Sinead O’Connor, whether you know her music or not, is probably easily identified by her name as someone who is as Irish as Patty’s Pig — a distinctly Irish expression, no insult intended to the human or the pig. O’Connor was born and lives in Ireland. She’s had her troubles with the Irish Catholic church, and they with her — something about being disrespectful to one of the earlier starchy conservative Popes. Her most famous song might be the 1990 version of Prince’s “Nothing Compares 2U”. I have a CD of that and other songs, which I still play in my Subaru, which is old enough to have a CD player.
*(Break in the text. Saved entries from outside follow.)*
definition good_point :: "'o::wellorder \<Rightarrow> ('o \<Rightarrow> 'o \<Rightarrow> 'o) \<Rightarrow> 'o \<Rightarrow> bool" where
  "good_point \<kappa> F b \<longleftrightarrow> (\<exists>A. cofinal_in A b \<and> has_otype A (cof b) \<and>
     (\<exists>j<\<kappa>. \<forall>i. j \<le> i \<and> i < \<kappa> \<longrightarrow> strict_mono_on A (\<lambda>g. F g i)))"

text \<open>A condition is a pair (alpha, F) standing for the sequence F beta (beta \<le> alpha);
  alpha < lambda^+ is expressed as |alpha| \<le> lambda.\<close>
type_synonym 'o cond = "'o \<times> ('o \<Rightarrow> 'o \<Rightarrow> 'o)"

definition G_set :: "'o::wellorder \<Rightarrow> 'o \<Rightarrow> ('o \<Rightarrow> 'o) \<Rightarrow> 'o cond set" where
  "G_set lam \<kappa> ls = {(\<alpha>, F). {..<\<alpha>} \<lesssim> {..<lam} \<and>
      (\<forall>b\<le>\<alpha>. (\<forall>i<\<kappa>. F b i < ls i) \<and>
               (\<forall>g<b. eventually_less \<kappa> (F g) (F b)) \<and>
               (\<kappa> < cof b \<longrightarrow> good_point \<kappa> F b))}"

text \<open>G_ext \<kappa> q p: q end-extends p (q is stronger)\<close>
definition G_ext :: "'o::wellorder \<Rightarrow> 'o cond \<Rightarrow> 'o cond \<Rightarrow> bool" where
  "G_ext \<kappa> q p \<longleftrightarrow> fst p \<le> fst q \<and> (\<forall>b\<le>fst p. \<forall>i<\<kappa>. snd q b i = snd p b i)"

definition is_succ_of :: "'o::wellorder \<Rightarrow> 'o \<Rightarrow> bool" where
  "is_succ_of a b \<longleftrightarrow> a < b \<and> (\<forall>x. a < x \<longrightarrow> b \<le> x)"

text \<open>even ordinals: limit (or zero) plus an even natural number\<close>
inductive even_ord :: "'o::wellorder \<Rightarrow> bool" where
  lim: "\<not> (\<exists>a. is_succ_of a b) \<Longrightarrow> even_ord b"
| ss: "is_succ_of c a \<Longrightarrow> is_succ_of a b \<Longrightarrow> even_ord c \<Longrightarrow> even_ord b"

definition restr :: "('o::wellorder \<Rightarrow> 'c) \<Rightarrow> 'o \<Rightarrow> 'o \<Rightarrow> 'c" where
  "restr p x = (\<lambda>z. if z < x then p z else undefined)"

text \<open>(len+1)-strategic closedness of (P, ext): Player II (even stages, including
  0 and limits) has a strategy, depending on the history and the stage, such that in
  every play following it and in which all earlier moves are legal, her move at each
  even stage xi \<le> len is legal.\<close>
definition strat_closed :: "'o::wellorder \<Rightarrow> 'c set \<Rightarrow> ('c \<Rightarrow> 'c \<Rightarrow> bool) \<Rightarrow> bool" where
  "strat_closed len P ext \<longleftrightarrow> (\<exists>\<sigma> :: ('o \<Rightarrow> 'c) \<Rightarrow> 'o \<Rightarrow> 'c.
     \<forall>p \<xi>. \<xi> \<le> len \<and> even_ord \<xi> \<and>
        (\<forall>\<eta><\<xi>. p \<eta> \<in> P \<and> (\<forall>\<zeta><\<eta>. ext (p \<eta>) (p \<zeta>))) \<and>
        (\<forall>\<eta><\<xi>. even_ord \<eta> \<longrightarrow> p \<eta> = \<sigma> (restr p \<eta>) \<eta>)
      \<longrightarrow> \<sigma> (restr p \<xi>) \<xi> \<in> P \<and> (\<forall>\<eta><\<xi>. ext (\<sigma> (restr p \<xi>) \<xi>) (p \<eta>)))"

end

theory Submission
  imports Defs
begin

text \<open>Player II always plays a condition whose top function lies, at every coordinate i,
  above the top functions of all previous moves, as long as these are bounded in ls i. By
  regularity of ls i this is the case whenever ls i exceeds the cardinality of the stage, so
  at stages below lam it holds on a tail of coordinates. At a limit stage she plays the union
  of the previous conditions topped by such a bound. If the new length has cofinality above
  kappa, the stage is below lam, and the lengths reached at her successor moves form a cofinal
  set along which the top functions increase on a tail: a good point. At stage lam itself the
  new length has cofinality at most kappa, and a bound over the kappa stages of a cofinal
  sequence in lam suffices.\<close>

section \<open>Order types and cofinality\<close>

lemma insert_lepoll_infinite:
  assumes "A \<lesssim> L" "infinite L"
  shows "insert a A \<lesssim> L"
proof (cases "finite A")
  case True
  then show ?thesis using assms finite_lepoll_infinite by blast
next
  case False
  then have "insert a A \<lesssim> A" by (rule infinite_insert_lepoll)
  then show ?thesis using assms(1) lepoll_trans by blast
qed
lemma cyclotomic_poly_factor_power_minus_one:
  assumes "d dvd n" "0 < d" "d < n" "(x :: complex) \<in> \<int>"
  shows "\<exists>r\<in>\<int>. x ^ n - 1 = (x ^ d - 1) * poly (cyclotomic_poly n) x * r"
proof -
  define R where "R = (\<Prod>e \<in> {e. e dvd n} - {n} - {e. e dvd d}. cyclotomic_poly e)"
  have divisors_d: "{e. e dvd d} \<subseteq> {e. e dvd n} - {n}"
    using assms dvd_imp_le[of _ d] by (auto intro: dvd_trans)
  have "monom 1 n - 1 = cyclotomic_poly n * (\<Prod>e \<in> {e. e dvd n} - {n}. cyclotomic_poly e)"
    using assms prod_cyclotomic_poly_divisors[of n] prod.remove[of "{e. e dvd n}" n cyclotomic_poly]
    by simp
  also have "(\<Prod>e \<in> {e. e dvd n} - {n}. cyclotomic_poly e) = R * (monom 1 d - 1)"
    unfolding R_def using assms divisors_d
    by (simp add: prod.subset_diff[OF divisors_d] prod_cyclotomic_poly_divisors)
  finally have "monom 1 n - 1 = (monom 1 d - 1) * cyclotomic_poly n * R"
    by (simp add: algebra_simps)
  from arg_cong[OF this, of "\<lambda>P. poly P x"]
  have "x ^ n - 1 = (x ^ d - 1) * poly (cyclotomic_poly n) x * poly R x"
    by (simp add: poly_monom)
  moreover have "poly R x \<in> \<int>"
    unfolding R_def using assms(4)
    by (intro int_coeffs_poly_in_Ints int_coeffs_prod int_coeffs_cyclotomic_poly)
  ultimately show ?thesis
    by blast
qed

lemma of_int_divide_cyclotomic_in_Ints:
  fixes D x :: int
  assumes "d dvd n" "0 < d" "d < n" "1 < x" "(x ^ n - 1) dvd D * (x ^ d - 1)"
  shows "of_int D / poly (cyclotomic_poly n) (of_int x) \<in> \<int>"
proof -
  let ?\<Phi> = "poly (cyclotomic_poly n) (of_int x)"
  obtain k where k: "D * (x ^ d - 1) = (x ^ n - 1) * k"
    using assms(5) ..
  obtain r where r: "r \<in> \<int>" "of_int x ^ n - 1 = (of_int x ^ d - 1) * ?\<Phi> * r"
    using cyclotomic_poly_factor_power_minus_one[OF assms(1-3), of "of_int x"] by auto
  have "x ^ d \<noteq> 1"
    using assms(2,4) by (metis less_irrefl one_less_power)
  then have nonzero: "(of_int x :: complex) ^ d - 1 \<noteq> 0"
    by (metis eq_iff_diff_eq_0 of_int_eq_1_iff of_int_power)
  have "(of_int x ^ d - 1) * of_int D = (of_int x ^ n - 1) * (of_int k :: complex)"
    using arg_cong[OF k, of "of_int :: int \<Rightarrow> complex"] by (simp add: mult.commute)
  also have "\<dots> = (of_int x ^ d - 1) * (?\<Phi> * (r * of_int k))"
    by (simp add: r(2) mult_ac)
  finally have "of_int D = ?\<Phi> * (r * of_int k)"
    using mult_left_cancel[OF nonzero] by blast
  then show ?thesis
    using r(1) by (cases "?\<Phi> = 0") auto
qed

section \<open>Residues modulo an irreducible polynomial\<close>

lemma prime_elem_not_dvd_prod:
  assumes "prime_elem m" "\<forall>x\<in>A. \<not> m dvd f x"
  shows "\<not> m dvd prod f A"
  using assms(2)
proof (induction A rule: infinite_finite_induct)
  case (insert x F)
  then show ?case
    using assms(1) by (simp add: prime_elem_dvd_mult_iff)
qed (use assms(1) prime_elem_not_unit in auto)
O’Connor is 51, and she’s gone through various iterations of who she is as a person and as a singer, including shaving her head at one point and dressing like a nun even though she has children and maybe a husband or two floating around.  Her latest try at a coherent self is a conversion to the Muslim faith where she has emerged as Shuhada’ Davitt and wears a hijab. Honestly, for me it’s a stretch. I generally think people get to do whatever they want to bring themselves inner peace, and I think O’Connor gets to do that too. I just can’t look at that Irish face or hear that Irish brogue and see Shuhada’. Fortunately her musical career doesn’t depend on me, and on she will go. I’ll still play her music in my car — the old stuff, not the new.

If you want to hear her singing the Islamic call to prayer, here she is:

https://www.theguardian.com/music/video/2018/oct/26/sinead-oconnor-sings-call-to-prayer-after-converting-to-islam-video

2 thoughts on “The Conversion of Sinead O’Connor

  1. I went to You Tube to listen to Nothing Compares 2U and there were literally hundreds of messages welcoming Sinead as a sister to Islam. I then listened to her sing “Belfast Child” and the mournful minor key is not that different from her Islamic call to prayer. Each of us is distinct and influenced by where and when we were born but there is some core human transcendence inherently illustrated in music.

    With my perhaps biased Western knowledge, I am admittedly horrified by how women are treated in Muslim countries, but then again the ongoing sexual abuse of children by Catholic priests has been quietly tolerated for eons. This explains my reluctance to consider joining ANY organized religion.

    In 1992, Sinead tore up a picture of the pope to protest child abuse in the Catholic Church. She was 25 years ahead of her time considering all that has been revealed in the last couple of years. Not sure how nor why she came to her decision to convert to Islam but she states a sense of peace. I have had a few young Muslim girls in my after-school program, some of whom wore the traditional hijab, and all I can say is they were highly motivated, embraced educational options, had the support of their family, and were extremely respectful.

  2. for Sharon: Lovely to hear from you, my friend. My reaction to O’Connor’s conversion isn’t based on any discomfort with people changing religions, or with her giving up her nun gear to wear a hijab, or with the sincerity of Muslims welcoming her to the ummah. It’s a purely personal sense that it’s hard for me to see that Irish face and hear the Irish brogue and see Shuhadda’. My musical ear isn’t finely tuned enough to hear the similarities you mentioned. O’Connor doesn’t strike me as a person who’s felt much peace in her life, so if this conversion brings that, it’s all to the good. I, like you, don’t seek or find peace in any organized religious setting, although I sometimes envy people who do. Makes life a bit easier, I suspect.